One of the interesting themes that emerged from BrandZ data this year is the role of difference. Brands perceived as different fell only seven percent in 2019 vs. 20 percent for those that were not. The only three brands that increased their brand value this year—Nando’s, DStv, and Capitec Bank—were also among the top brands by this measure.

Being different is a major advantage when consumers have less money to spend. Different brands offer something that consumers can’t get elsewhere. And while consumers may be forced to purchase them less, they still do so—and always are loyal customers when better times return.

The problem, however, is that top South African brands in general are not as successful as their global counterparts by this measure, which probably reflects the insularity of South African brands. Only a small handful of top South African brands generate much of their revenue outside the country, with the bulk of them also accessing equally stressed African markets (both Nigeria and Angola have devalued their currencies in the most recent year, which hit Shoprite particularly hard). To those in country, top brands seem much like their counterparts, with little to distinguish their offerings.

This may be a missed opportunity. In the BAV Best Countries report, South Africa ranked extremely high on measures of difference. People around the world seem open to South African brands, including Nando’s, which leans into its SA identity to create a real distinction from its counterparts both home and abroad.

A more interesting fact is that consumers find top SA brands highly meaningful. Indeed, only four other countries outrank South Africa by this measure. In a way, this isn’t surprising. A lot of the country’s brands are succeeding with a strategy more honored in the breach than in the observance elsewhere: social activism. All North American and European brands to some degree state and express a purpose, often with a jarring disconnect between it and how they actually operate. But, with the country’s collectivist philosophy of ubuntu, which emphasizes helping others, SA brands have taken up purpose with a vengeance, both commenting on and taking part in calls for social and economic justice.

The trading game

Looking into the future of South African brands, the picture is unsurprisingly murky. While the political situation has stabilized, it is nonetheless much easier to make a mess than to clean it up. But there’s certainly room for optimism, and the market reflects that. Since the end of our valuation period in March, 2018, the rand is up modestly and the JSE is as well.

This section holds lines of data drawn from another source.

lemma finite_family_uniformly_Cauchy:
  fixes x :: "'g \<Rightarrow> nat \<Rightarrow> 'k::real_normed_field"
  assumes "finite G" "\<And>g. g \<in> G \<Longrightarrow> convergent (\<lambda>n. x g n)" "e > 0"
  obtains N where "\<And>n m g. n \<ge> N \<Longrightarrow> m \<ge> N \<Longrightarrow> g \<in> G \<Longrightarrow> dist (x g n) (x g m) < e"
proof -
  have "eventually (\<lambda>nm. \<forall>g\<in>G. dist (x g (fst nm)) (x g (snd nm)) < e) (sequentially \<times>\<^sub>F sequentially)"
  proof (rule eventually_ball_finite[OF assms(1)], rule ballI)
    fix g assume "g \<in> G"
    then obtain M where "\<forall>n\<ge>M. \<forall>m\<ge>M. dist (x g n) (x g m) < e"
      using assms(2,3) convergent_Cauchy metric_CauchyD by blast
    then show "eventually (\<lambda>nm. dist (x g (fst nm)) (x g (snd nm)) < e) (sequentially \<times>\<^sub>F sequentially)"
      unfolding eventually_prod_sequentially by auto
  qed
  then obtain N where "\<forall>m\<ge>N. \<forall>n\<ge>N. \<forall>g\<in>G. dist (x g n) (x g m) < e"
    unfolding eventually_prod_sequentially by auto
  then show ?thesis using that by blast
qed
lemma primitive_root_generates_roots:
  fixes z :: "'a::field"
  assumes z: "primitive_root n z" and n: "n > 0" and x: "x ^ n = 1"
  shows "\<exists>j<n. x = z ^ j"
proof -
  define P :: "'a poly" where "P = monom 1 n - [:1:]"
  have "degree P = n" unfolding P_def by (rule degree_monom_minus_const[OF n])
  then have P: "P \<noteq> 0" "degree P = n" using n by auto
  have roots: "{x. poly P x = 0} = {x. x ^ n = 1}" unfolding P_def by (simp add: poly_monom)
  define S where "S = (\<lambda>j. z ^ j) ` {..<n}"
  have "inj_on (\<lambda>j. z ^ j) {..<n}"
    unfolding inj_on_def using primitive_root_power_eq_iff[OF z n] by auto
  then have "card S = n" unfolding S_def by (simp add: card_image)
  \<comment> \<open>The \<open>n\<close> distinct powers of \<open>z\<close> exhaust the at most \<open>n\<close> roots of \<open>X ^ n - 1\<close>.\<close>
  moreover have "(z ^ j) ^ n = 1" for j
    using primitive_root_power_eq_1_iff[OF z, of n] by (metis dvd_refl power_mult mult.commute power_one)
  then have "S \<subseteq> {x. poly P x = 0}" unfolding S_def roots by auto
  moreover have "finite {x. poly P x = 0}" "card {x. poly P x = 0} \<le> n"
    using poly_roots_finite[OF P(1)] card_poly_roots_bound[OF P(1)] P(2) by auto
  ultimately have "S = {x. poly P x = 0}" by (metis card_seteq)
  then show ?thesis using x unfolding S_def roots by auto
qed

section \<open>Nondegenerate sums of radicals\<close>

lemma sum_roots_of_unity_average:
  fixes \<eta> \<alpha> :: "'i \<Rightarrow> 'a::field_char_0"
  assumes "finite A" "n > 0" and roots: "\<And>i. i \<in> A \<Longrightarrow> \<eta> i ^ n = 1"
    and sums: "\<And>k. (\<Sum>i\<in>A. \<eta> i ^ k * \<alpha> i) = 1"
  shows "(\<Sum>i | i \<in> A \<and> \<eta> i = 1. \<alpha> i) = 1"
proof -
  have "(of_nat n :: 'a) = (\<Sum>k<n. \<Sum>i\<in>A. \<eta> i ^ k * \<alpha> i)" using sums by simp
  also have "\<dots> = (\<Sum>i\<in>A. (\<Sum>k<n. \<eta> i ^ k) * \<alpha> i)"
    by (subst sum.swap) (simp add: sum_distrib_right)
  also have "\<dots> = (\<Sum>i\<in>A. if \<eta> i = 1 then of_nat n * \<alpha> i else 0)"
    by (rule sum.cong) (auto simp: roots sum_gp_strict)
  also have "\<dots> = of_nat n * (\<Sum>i | i \<in> A \<and> \<eta> i = 1. \<alpha> i)"
  proof -
    have "{i. i \<in> A \<and> \<eta> i = 1} = A \<inter> {i. \<eta> i = 1}" by auto
    then show ?thesis using \<open>finite A\<close> by (simp add: sum.If_cases sum_distrib_left)
  qed
  finally show ?thesis using \<open>n > 0\<close> by (metis mult_cancel_left1 of_nat_eq_0_iff not_gr0)
qed

lemma nondegenerate_subsum_eq_1:
  fixes \<alpha> :: "nat \<Rightarrow> 'a::field"
  assumes sum1: "(\<Sum>i\<in>{1..s}. \<alpha> i) = 1"
    and nondeg: "\<forall>I. I \<noteq> {} \<and> I \<subset> {1..s} \<longrightarrow> (\<Sum>i\<in>I. \<alpha> i) \<noteq> 0"
    and I: "I \<subseteq> {1..s}" "(\<Sum>i\<in>I. \<alpha> i) = 1"
  shows "I = {1..s}"
proof (rule ccontr)
  assume "I \<noteq> {1..s}"
  then have "{1..s} - I \<noteq> {}" using I(1) by auto
  moreover have "I \<noteq> {}" using I(2) by auto
  then have "{1..s} - I \<subset> {1..s}" using I(1) by auto
  moreover have "(\<Sum>i\<in>{1..s} - I. \<alpha> i) = 0" using sum_diff[of "{1..s}" I \<alpha>] I sum1 by simp
  ultimately show False using nondeg[rule_format, of "{1..s} - I"] by simp
qed

lemma ring_hom_on_twisted_sum_eq_1:
  assumes L: "is_subfield L" and t: "ring_hom_on L t"
    and \<eta>: "\<And>i k. i \<in> A \<Longrightarrow> \<eta> i ^ k \<in> L" "\<And>i k. i \<in> A \<Longrightarrow> t (\<eta> i ^ k) = \<eta> i ^ k"
    and \<alpha>: "\<And>i. i \<in> A \<Longrightarrow> \<alpha> i \<in> L" and twist: "\<And>i. i \<in> A \<Longrightarrow> t (\<alpha> i) = \<eta> i * \<alpha> i"
    and sum1: "(\<Sum>i\<in>A. \<alpha> i) = 1"
  shows "(\<Sum>i\<in>A. \<eta> i ^ k * \<alpha> i) = 1"
proof (induction k)
  case (Suc k)
  have "t (\<eta> i ^ k * \<alpha> i) = \<eta> i ^ Suc k * \<alpha> i" if i: "i \<in> A" for i
    using ring_hom_on_mult[OF L t \<eta>(1)[OF i] \<alpha>[OF i]] \<eta>(2)[OF i] twist[OF i] by simp
  moreover have "\<eta> i ^ k * \<alpha> i \<in> L" if "i \<in> A" for i
    using is_subring_mult[OF is_subring_if_subfield[OF L] \<eta>(1) \<alpha>] that by blast
  ultimately have "t (\<Sum>i\<in>A. \<eta> i ^ k * \<alpha> i) = (\<Sum>i\<in>A. \<eta> i ^ Suc k * \<alpha> i)"
    using ring_hom_on_sum[OF L t, of A "\<lambda>i. \<eta> i ^ k * \<alpha> i"] by simp
  then show ?case using Suc ring_hom_on_1[OF L t] by simp
qed (use sum1 in simp)
(* Let $p\ge 4$ be an integer and let $T_1$ be the tree obtained from an induced path $a_1\text{-}a_2\text{-}\cdots\text{-}a_p$ by adding three new vertices $x,z,y$ and the edges $a_px$, $xz$ and $a_py$. For every integer $d\ge 1$ (and every such $T_1$) there exists a polynomial $f$ such that for every integer $t\ge 1$ the following holds: if $G$ is a paw-free graph that is $T_1$-free and does not contain $K_d(t)$ as a subgraph, then $\chi(G)\le f(t)$.
   Context: All graphs are finite and simple. $\chi(G)$ is the chromatic number of $G$. A graph is $H$-free if it has no induced subgraph isomorphic to $H$. The paw is the graph on four vertices consisting of a triangle together with one additional vertex adjacent to exactly one vertex of the triangle. For integers $d,t\ge1$, $K_d(t)$ denotes the complete $d$-partite graph in which each of the $d$ parts has exactly $t$ vertices; "contains $K_d(t)$ as a subgraph" means as a (not necessarily induced) subgraph. *)

theory Defs
  imports "HOL-Computational_Algebra.Polynomial"
begin

definition simple_graph :: "'a set \<Rightarrow> ('a \<Rightarrow> 'a \<Rightarrow> bool) \<Rightarrow> bool" where
  "simple_graph V E \<longleftrightarrow> finite V \<and> (\<forall>u v. E u v \<longrightarrow> u \<in> V \<and> v \<in> V)
     \<and> (\<forall>u v. E u v \<longrightarrow> E v u) \<and> (\<forall>v. \<not> E v v)"

definition contains_induced ::
  "'a set \<Rightarrow> ('a \<Rightarrow> 'a \<Rightarrow> bool) \<Rightarrow> 'b set \<Rightarrow> ('b \<Rightarrow> 'b \<Rightarrow> bool) \<Rightarrow> bool" where
  "contains_induced V E VH EH \<longleftrightarrow> (\<exists>\<phi>. inj_on \<phi> VH \<and> \<phi> ` VH \<subseteq> V \<and>
     (\<forall>u\<in>VH. \<forall>v\<in>VH. E (\<phi> u) (\<phi> v) \<longleftrightarrow> EH u v))"

definition H_free ::
  "'a set \<Rightarrow> ('a \<Rightarrow> 'a \<Rightarrow> bool) \<Rightarrow> 'b set \<Rightarrow> ('b \<Rightarrow> 'b \<Rightarrow> bool) \<Rightarrow> bool" where
  "H_free V E VH EH \<longleftrightarrow> \<not> contains_induced V E VH EH"

definition contains_subgraph ::
  "'a set \<Rightarrow> ('a \<Rightarrow> 'a \<Rightarrow> bool) \<Rightarrow> 'b set \<Rightarrow> ('b \<Rightarrow> 'b \<Rightarrow> bool) \<Rightarrow> bool" where
  "contains_subgraph V E VH EH \<longleftrightarrow> (\<exists>\<phi>. inj_on \<phi> VH \<and> \<phi> ` VH \<subseteq> V \<and>
     (\<forall>u\<in>VH. \<forall>v\<in>VH. EH u v \<longrightarrow> E (\<phi> u) (\<phi> v)))"

definition proper_colouring :: "'a set \<Rightarrow> ('a \<Rightarrow> 'a \<Rightarrow> bool) \<Rightarrow> nat \<Rightarrow> ('a \<Rightarrow> nat) \<Rightarrow> bool" where
  "proper_colouring V E k c \<longleftrightarrow> (\<forall>v\<in>V. c v < k) \<and>
     (\<forall>u\<in>V. \<forall>v\<in>V. E u v \<longrightarrow> c u \<noteq> c v)"

definition chromatic_number :: "'a set \<Rightarrow> ('a \<Rightarrow> 'a \<Rightarrow> bool) \<Rightarrow> nat" where
  "chromatic_number V E = (LEAST k. \<exists>c. proper_colouring V E k c)"

definition paw_V :: "nat set" where "paw_V = {0,1,2,3}"
definition paw_E :: "nat \<Rightarrow> nat \<Rightarrow> bool" where
  "paw_E u v \<longleftrightarrow> {u,v} \<in> {{0,1},{1,2},{0,2},{2,3}}"

text \<open>The tree T1 for parameter p: path a_i = i (1 \<le> i \<le> p), x = p+1, z = p+2,
  y = p+3, with edges a_i a_(i+1), a_p x, x z, a_p y.\<close>
definition T1_V :: "nat \<Rightarrow> nat set" where "T1_V p = {1..p+3}"
definition T1_E :: "nat \<Rightarrow> nat \<Rightarrow> nat \<Rightarrow> bool" where
  "T1_E p u v \<longleftrightarrow>
     (\<exists>i. 1 \<le> i \<and> i < p \<and> {u,v} = {i, i+1}) \<or>
     {u,v} = {p, p+1} \<or> {u,v} = {p+1, p+2} \<or> {u,v} = {p, p+3}"

definition Kdt_V :: "nat \<Rightarrow> nat \<Rightarrow> (nat \<times> nat) set" where
  "Kdt_V d t = {0..<d} \<times> {0..<t}"
definition Kdt_E :: "(nat \<times> nat) \<Rightarrow> (nat \<times> nat) \<Rightarrow> bool" where
  "Kdt_E u v \<longleftrightarrow> fst u \<noteq> fst v"

end

theory Submission
  imports Defs
begin

(* Colour each component separately. A component containing a triangle is complete multipartite
   because G is paw-free (Olariu); one vertex from each part forms a clique, which has fewer than
   d t vertices because a clique on d t vertices contains K_d(t), and colouring by parts uses
   that many colours. A triangle-free component is coloured with p + 4 colours by Gyarfas' path
   argument: the neighbours of the end q_k of an induced path q_1 ... q_k inside the part D
   hanging from it form an independent set, and every component of the rest hangs from a path
   one vertex longer. When k = p, all of D lies at distance at least p from q_1, and T1-freeness
   makes every such BFS layer a disjoint union of complete bipartite graphs, so the parity of the
   layer together with the side inside the layer gives four colours. Altogether
   chi(G) <= p + 4 + d t. *)

lemma T1_E_iff:
  assumes "u \<in> {1..p+3}" "v \<in> {1..p+3}"
  shows "T1_E p u v \<longleftrightarrow> (u \<le> p \<and> v \<le> p \<and> (v = Suc u \<or> u = Suc v)) \<or>
     {u, v} = {p, p+1} \<or> {u, v} = {p+1, p+2} \<or> {u, v} = {p, p+3}"
proof -
  have "(\<exists>i. 1 \<le> i \<and> i < p \<and> {u, v} = {i, i+1}) \<longleftrightarrow> u \<le> p \<and> v \<le> p \<and> (v = Suc u \<or> u = Suc v)"
  proof
    assume "\<exists>i. 1 \<le> i \<and> i < p \<and> {u, v} = {i, i+1}"
    then show "u \<le> p \<and> v \<le> p \<and> (v = Suc u \<or> u = Suc v)"
      by (auto simp: doubleton_eq_iff)
  next
    assume "u \<le> p \<and> v \<le> p \<and> (v = Suc u \<or> u = Suc v)"
    then show "\<exists>i. 1 \<le> i \<and> i < p \<and> {u, v} = {i, i+1}"
      using assms by (intro exI[of _ "min u v"]) auto
  qed
  then show ?thesis unfolding T1_E_def by simp
qed

abbreviation colourable :: "'a set \<Rightarrow> ('a \<Rightarrow> 'a \<Rightarrow> bool) \<Rightarrow> nat \<Rightarrow> bool" where
  "colourable S E k \<equiv> \<exists>c. proper_colouring S E k c"

lemma colourable_mono: "colourable S E k \<Longrightarrow> k \<le> l \<Longrightarrow> colourable S E l"
  unfolding proper_colouring_def by (meson less_le_trans)

lemma colourable_subset: "colourable S E k \<Longrightarrow> T \<subseteq> S \<Longrightarrow> colourable T E k"
  unfolding proper_colouring_def by blast

lemma chromatic_number_le: "colourable V E k \<Longrightarrow> chromatic_number V E \<le> k"
  unfolding chromatic_number_def by (rule Least_le)

lemma colourable_Un_independent:
  assumes "colourable T E k" and "\<forall>u\<in>S. \<forall>v\<in>S. \<not> E u v"
  shows "colourable (S \<union> T) E (Suc k)"
proof -
  obtain c where c: "proper_colouring T E k c" using assms(1) by blast
  have "proper_colouring (S \<union> T) E (Suc k) (\<lambda>v. if v \<in> S then k else c v)"
    unfolding proper_colouring_def
  proof (intro conjI ballI impI)
    fix u v assume "u \<in> S \<union> T" "v \<in> S \<union> T" "E u v"
    with c assms(2) show "(if u \<in> S then k else c u) \<noteq> (if v \<in> S then k else c v)"
      unfolding proper_colouring_def by (metis UnE less_irrefl)
  qed (use c in \<open>auto simp: proper_colouring_def\<close>)
  then show ?thesis by blast
qed
text \<open>\<open>\<Psi>\<^bsub>\<omega> k\<^esub>\<close> undoes \<open>\<Psi>\<^sub>k\<close>, because \<open>\<tau>\<^bsub>\<omega> k\<^esub>\<close> undoes \<open>\<tau>\<^sub>k\<close> on ridges.\<close>
lemma Psi_inverse:
  assumes k: "k \<in> pm n" and j: "j \<in> pm n" and jk: "j = k \<or> \<bar>k\<bar> \<noteq> \<bar>j\<bar>"
  shows "Psi n \<omega> \<tau> (\<omega> k) (Psi n \<omega> \<tau> k j) = j"
  using jk
proof
  assume "j = k"
  then show ?thesis using omega_omega[OF k] by (simp add: Psi_def)
next
  assume abs: "\<bar>k\<bar> \<noteq> \<bar>j\<bar>"
  define k' where "k' = Psi n \<omega> \<tau> k j"
  have wk: "\<omega> k \<in> pm n" using omega_pm[OF k] .
  have k': "k' \<in> pm n" "\<bar>\<omega> k\<bar> \<noteq> \<bar>k'\<bar>" using Psi_ridge(1,2)[OF k j abs] by (auto simp: k'_def)
  have "face n {k, j} = \<tau> (\<omega> k) ` face n {\<omega> k, k'}"
    using Psi_ridge(3)[OF k j abs] tau_back[OF k, of "face n {k, j}"]
    by (auto simp: k'_def face_pair)
  also have "\<dots> = face n {k, Psi n \<omega> \<tau> (\<omega> k) k'}"
    using Psi_ridge(3)[OF wk k'] omega_omega[OF k] by simp
  finally have eq: "face n {k, j} = face n {k, Psi n \<omega> \<tau> (\<omega> k) k'}" .
  have "\<bar>Psi n \<omega> \<tau> (\<omega> k) k'\<bar> \<noteq> \<bar>k\<bar>" "Psi n \<omega> \<tau> (\<omega> k) k' \<in> pm n"
    using Psi_ridge(1,2)[OF wk k'] omega_omega[OF k] by auto
  then have "{k, j} = {k, Psi n \<omega> \<tau> (\<omega> k) k'}"
    using face_inj[OF admissible_pair[OF k j abs] admissible_pair[OF k] eq] by metis
  then show ?thesis using abs by (auto simp: k'_def doubleton_eq_iff)
qed

lemma Psi_bij:
  assumes g: "g \<in> proper_faces n" and k: "k \<in> pm n" and gk: "g \<subseteq> facet n k"
  shows "bij_betw (Psi n \<omega> \<tau> k) (Xi n g) (Xi n (\<tau> k ` g))"
proof (rule bij_betwI)
  define g' where "g' = \<tau> k ` g"
  have g': "g' \<in> proper_faces n" "g' \<subseteq> facet n (\<omega> k)"
    using tau_proper_face[OF k g gk] by (auto simp: g'_def)
  have wk: "\<omega> k \<in> pm n" using omega_pm[OF k] .
  have kXi: "k \<in> Xi n g" using k gk by (simp add: Xi_def)
  have wkXi: "\<omega> k \<in> Xi n g'" using wk g' by (simp add: Xi_def)
  show "Psi n \<omega> \<tau> k \<in> Xi n g \<rightarrow> Xi n (\<tau> k ` g)" using Psi_in_Xi[OF g k gk] by blast
  show "Psi n \<omega> \<tau> (\<omega> k) \<in> Xi n (\<tau> k ` g) \<rightarrow> Xi n g"
    using Psi_in_Xi[OF g'(1) wk g'(2)] tau_back[OF k gk] by (auto simp: g'_def)
  show "Psi n \<omega> \<tau> (\<omega> k) (Psi n \<omega> \<tau> k j) = j" if "j \<in> Xi n g" for j
    using Psi_inverse[OF k] Xi_distinct_abs[OF proper_face_nonempty[OF g] kXi that] that
    by (auto simp: Xi_def)
  show "Psi n \<omega> \<tau> k (Psi n \<omega> \<tau> (\<omega> k) j) = j" if "j \<in> Xi n (\<tau> k ` g)" for j
    using Psi_inverse[OF wk] omega_omega[OF k] that
      Xi_distinct_abs[OF proper_face_nonempty[OF g'(1)] wkXi, of j]
    by (auto simp: Xi_def g'_def)
qed

lemma valid_composition:
  assumes f: "f \<in> proper_faces n" and "valid n \<tau> f ks"
  shows "comp_tau \<tau> ks ` f \<in> proper_faces n"
    and "bij_betw (comp_Psi n \<omega> \<tau> ks) (Xi n f) (Xi n (comp_tau \<tau> ks ` f))"
proof -
  have "comp_tau \<tau> ks ` f \<in> proper_faces n \<and>
      bij_betw (comp_Psi n \<omega> \<tau> ks) (Xi n f) (Xi n (comp_tau \<tau> ks ` f))"
    using assms(2)
  proof (induction ks rule: rev_induct)
    case Nil
    show ?case using f by (simp add: bij_betw_def)
  next
    case (snoc k ks)
    have "valid n \<tau> f ks" and k: "k \<in> pm n" and sub: "comp_tau \<tau> ks ` f \<subseteq> facet n k"
      using snoc.prems valid_snoc by blast+
    then have IH: "comp_tau \<tau> ks ` f \<in> proper_faces n"
      "bij_betw (comp_Psi n \<omega> \<tau> ks) (Xi n f) (Xi n (comp_tau \<tau> ks ` f))"
      using snoc.IH by blast+
    have "comp_Psi n \<omega> \<tau> (ks @ [k]) = Psi n \<omega> \<tau> k \<circ> comp_Psi n \<omega> \<tau> ks"
      by (rule ext) (simp add: comp_Psi_snoc)
    then show ?case
      using tau_proper_face[OF k IH(1) sub] bij_betw_trans[OF IH(2) Psi_bij[OF IH(1) k sub]]
      unfolding comp_tau_snoc by (simp add: comp_def)
  qed
  then show "comp_tau \<tau> ks ` f \<in> proper_faces n"
    and "bij_betw (comp_Psi n \<omega> \<tau> ks) (Xi n f) (Xi n (comp_tau \<tau> ks ` f))" by blast+
qed

lemma tau_commute_ridge:
  assumes j: "j \<in> pm n" and k: "k \<in> pm n" and jk: "\<bar>j\<bar> \<noteq> \<bar>k\<bar>" and p: "p \<in> face n {j, k}"
  shows "\<tau> (Psi n \<omega> \<tau> j k) (\<tau> j p) = \<tau> (Psi n \<omega> \<tau> k j) (\<tau> k p)"
proof -
  have kj: "\<bar>k\<bar> \<noteq> \<bar>j\<bar>" using jk by simp
  have "\<tau> k ` face n {j, k} = face n {Psi n \<omega> \<tau> k j, \<omega> k}"
    using Psi_ridge(3)[OF k j kj] by (simp add: insert_commute)
  then show ?thesis
    using tau_compatible[OF j k Psi_ridge(1)[OF j k jk] Psi_ridge(1)[OF k j kj] jk
        Psi_ridge(2)[OF j k jk] Psi_ridge(2)[OF k j kj] Psi_ridge(3)[OF j k jk] _ p] by blast
qed

end

locale strong_pairing_face = facets_pairing_structure +
  fixes f :: "(nat \<Rightarrow> real) set"
  assumes strong: "strong n \<omega> \<tau>" and f_proper: "f \<in> proper_faces n"
begin

abbreviation family :: "(nat \<Rightarrow> real) set set" where
  "family \<equiv> face_family n \<tau> f"

lemma familyI: "valid n \<tau> f ks \<Longrightarrow> comp_tau \<tau> ks ` f \<in> family"
  unfolding face_family_def by blast

lemma familyE:
  assumes "g \<in> family"
  obtains ks where "valid n \<tau> f ks" "g = comp_tau \<tau> ks ` f"
  using assms unfolding face_family_def by blast

lemma f_in_family: "f \<in> family"
  using familyI[of "[]"] by simp

lemma family_proper:
  assumes "g \<in> family"
  shows "g \<in> proper_faces n"
proof -
  obtain ks where "valid n \<tau> f ks" "g = comp_tau \<tau> ks ` f"
    using assms by (rule familyE)
  then show ?thesis using valid_composition(1)[OF f_proper] by simp
qed
lemma eval_bigAnd: "as \<noteq> [] \<Longrightarrow> eval ops imp D P F v (bigAnd as) = Inf (eval ops imp D P F v ` set as)"
  unfolding bigAnd_def by (cases as) (auto simp: eval_conjs)

lemma eval_bigOr: "as \<noteq> [] \<Longrightarrow> eval ops imp D P F v (bigOr as) = Sup (eval ops imp D P F v ` set as)"
  unfolding bigOr_def by (cases as) (auto simp: eval_disjs)

lemma funs_conjs: "funs (conjs a bs) = funs a \<union> (\<Union>b\<in>set bs. funs b)"
  by (induction bs arbitrary: a) auto

lemma funs_bigAnd: "as \<noteq> [] \<Longrightarrow> funs (bigAnd as) = (\<Union>a\<in>set as. funs a)"
  unfolding bigAnd_def by (cases as) (auto simp: funs_conjs)

lemma funs_disjs: "funs (disjs a bs) = funs a \<union> (\<Union>b\<in>set bs. funs b)"
  by (induction bs arbitrary: a) auto

lemma funs_bigOr: "as \<noteq> [] \<Longrightarrow> funs (bigOr as) = (\<Union>a\<in>set as. funs a)"
  unfolding bigOr_def by (cases as) (auto simp: funs_disjs)

lemma funs_closeAll [simp]: "funs (closeAll xs a) = funs a"
  unfolding closeAll_def by (induction xs) auto

lemma eval_closeAll_topD:
  "eval ops imp D P F v (closeAll xs a) = top \<Longrightarrow> range v \<subseteq> D \<Longrightarrow> eval ops imp D P F v a = top"
proof (induction xs arbitrary: v)
  case (Cons x xs)
  have "v x \<in> D" using Cons.prems(2) by auto
  with Cons.prems(1) have "eval ops imp D P F v (closeAll xs a) = top"
    by (auto simp: closeAll_def dest: bspec[where x = "v x"])
  with Cons.IH Cons.prems(2) show ?case by simp
qed (simp add: closeAll_def)

lemma eval_closeAll_topI:
  "(\<And>v'. range v' \<subseteq> D \<Longrightarrow> eval ops imp D P F v' a = top) \<Longrightarrow> range v \<subseteq> D \<Longrightarrow>
   eval ops imp D P F v (closeAll xs a) = top"
proof (induction xs arbitrary: v)
  case (Cons x xs)
  then have "eval ops imp D P F (v(x := d)) (closeAll xs a) = top" if "d \<in> D" for d
    using that by (auto intro!: Cons.IH)
  then show ?case by (auto simp: closeAll_def)
qed (simp add: closeAll_def)

section \<open>Polarity and monotonicity\<close>

definition pol_le :: "bool \<Rightarrow> 'a::order \<Rightarrow> 'a \<Rightarrow> bool" where
  "pol_le p x y \<longleftrightarrow> (if p then x \<le> y else y \<le> x)"

lemma L_lattice_imp_top_iff: "L_lattice ar pol ops imp \<Longrightarrow> imp a b = top \<longleftrightarrow> a \<le> b"
  unfolding L_lattice_def by (metis top.extremum_unique)

lemma L_lattice_imp_mono:
  "L_lattice ar pol ops imp \<Longrightarrow> a' \<le> a \<Longrightarrow> b \<le> b' \<Longrightarrow> imp a b \<le> imp a' b'"
  unfolding L_lattice_def by blast

lemma L_lattice_ops_mono:
  "L_lattice ar pol ops imp \<Longrightarrow> length xs = ar c \<Longrightarrow> length ys = ar c \<Longrightarrow>
   (\<And>i. i < ar c \<Longrightarrow> pol_le (pol c i) (xs ! i) (ys ! i)) \<Longrightarrow> ops c xs \<le> ops c ys"
  unfolding L_lattice_def pol_le_def by blast

lemma pol_le_refl [simp]: "pol_le p x x"
  by (simp add: pol_le_def)

lemma pol_le_Not: "pol_le (\<not> p) x y \<longleftrightarrow> pol_le p y x"
  by (simp add: pol_le_def)

lemma L_lattice_ops_mono_at:
  assumes lat: "L_lattice ar pol ops imp" and len: "length l + Suc (length r) = ar c"
    and "pol_le (pol c (length l)) x y"
  shows "ops c (l @ [x] @ r) \<le> ops c (l @ [y] @ r)"
proof (rule L_lattice_ops_mono[OF lat])
  fix i assume "i < ar c"
  with assms(3) show "pol_le (pol c i) ((l @ [x] @ r) ! i) ((l @ [y] @ r) ! i)"
    by (cases "i < length l") (auto simp: nth_append nth_Cons split: nat.split)
qed (use len in simp_all)

fun cwf :: "('c \<Rightarrow> nat) \<Rightarrow> ('c, 'p, 'f) ctx \<Rightarrow> bool" where
  "cwf ar Hole = True"
| "cwf ar (COrL C a) = cwf ar C"
| "cwf ar (COrR a C) = cwf ar C"
| "cwf ar (CAndL C a) = cwf ar C"
| "cwf ar (CAndR a C) = cwf ar C"
| "cwf ar (CImpL C a) = cwf ar C"
| "cwf ar (CImpR a C) = cwf ar C"
| "cwf ar (CConn c l C r) = (length l + Suc (length r) = ar c \<and> cwf ar C)"
| "cwf ar (CAll x C) = cwf ar C"
| "cwf ar (CEx x C) = cwf ar C"

lemma wf_fillD: "wf ar (fill C X) \<Longrightarrow> cwf ar C \<and> wf ar X"
  by (induction C) auto

lemma funs_fill: "funs X \<subseteq> funs (fill C X)"
  by (induction C) auto

lemma eval_fill_cong:
  assumes "\<And>v. range v \<subseteq> D \<Longrightarrow> eval ops imp D P F v X = eval ops imp D P F v Y"
  shows "range v \<subseteq> D \<Longrightarrow> eval ops imp D P F v (fill C X) = eval ops imp D P F v (fill C Y)"
proof (induction C arbitrary: v)
  case (CAll x C)
  then show ?case by (auto intro!: arg_cong[where f = Inf] image_cong CAll.IH)
next
  case (CEx x C)
  then show ?case by (auto intro!: arg_cong[where f = Sup] image_cong CEx.IH)
qed (use assms in auto)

Nonetheless, brands will be challenged as customers have less money to spend, and that will have a major impact on strategy moving forward. We know from 20 years of BrandZ data that strong brands tend to emerge from recessions more quickly and return to pre-recession growth levels faster than weak brands. On the other hand, brands that go out of business don’t come back at all.

As a result, brand managers in South Africa face tough choices, whether they go all out for revenue and dilute their brands with massive deals and sales. Or do they stay the course, invest in their brands, and remain confident for the future? In the thought leadership section of this report, Charles Foster, CEO Africa & Middle East, Insights Division at Kantar, tries to cut through this Gordian knot, and explain how investment in brand, no matter the economic conditions, is a key factor in future success.

In any case, top brands tend to make the right choices in tough times and this should be no different in South Africa. Observing the best brands top 30, in fact, may be the best way for others in the country to find ways to return to growth. It’s time to pay attention and choose wisely.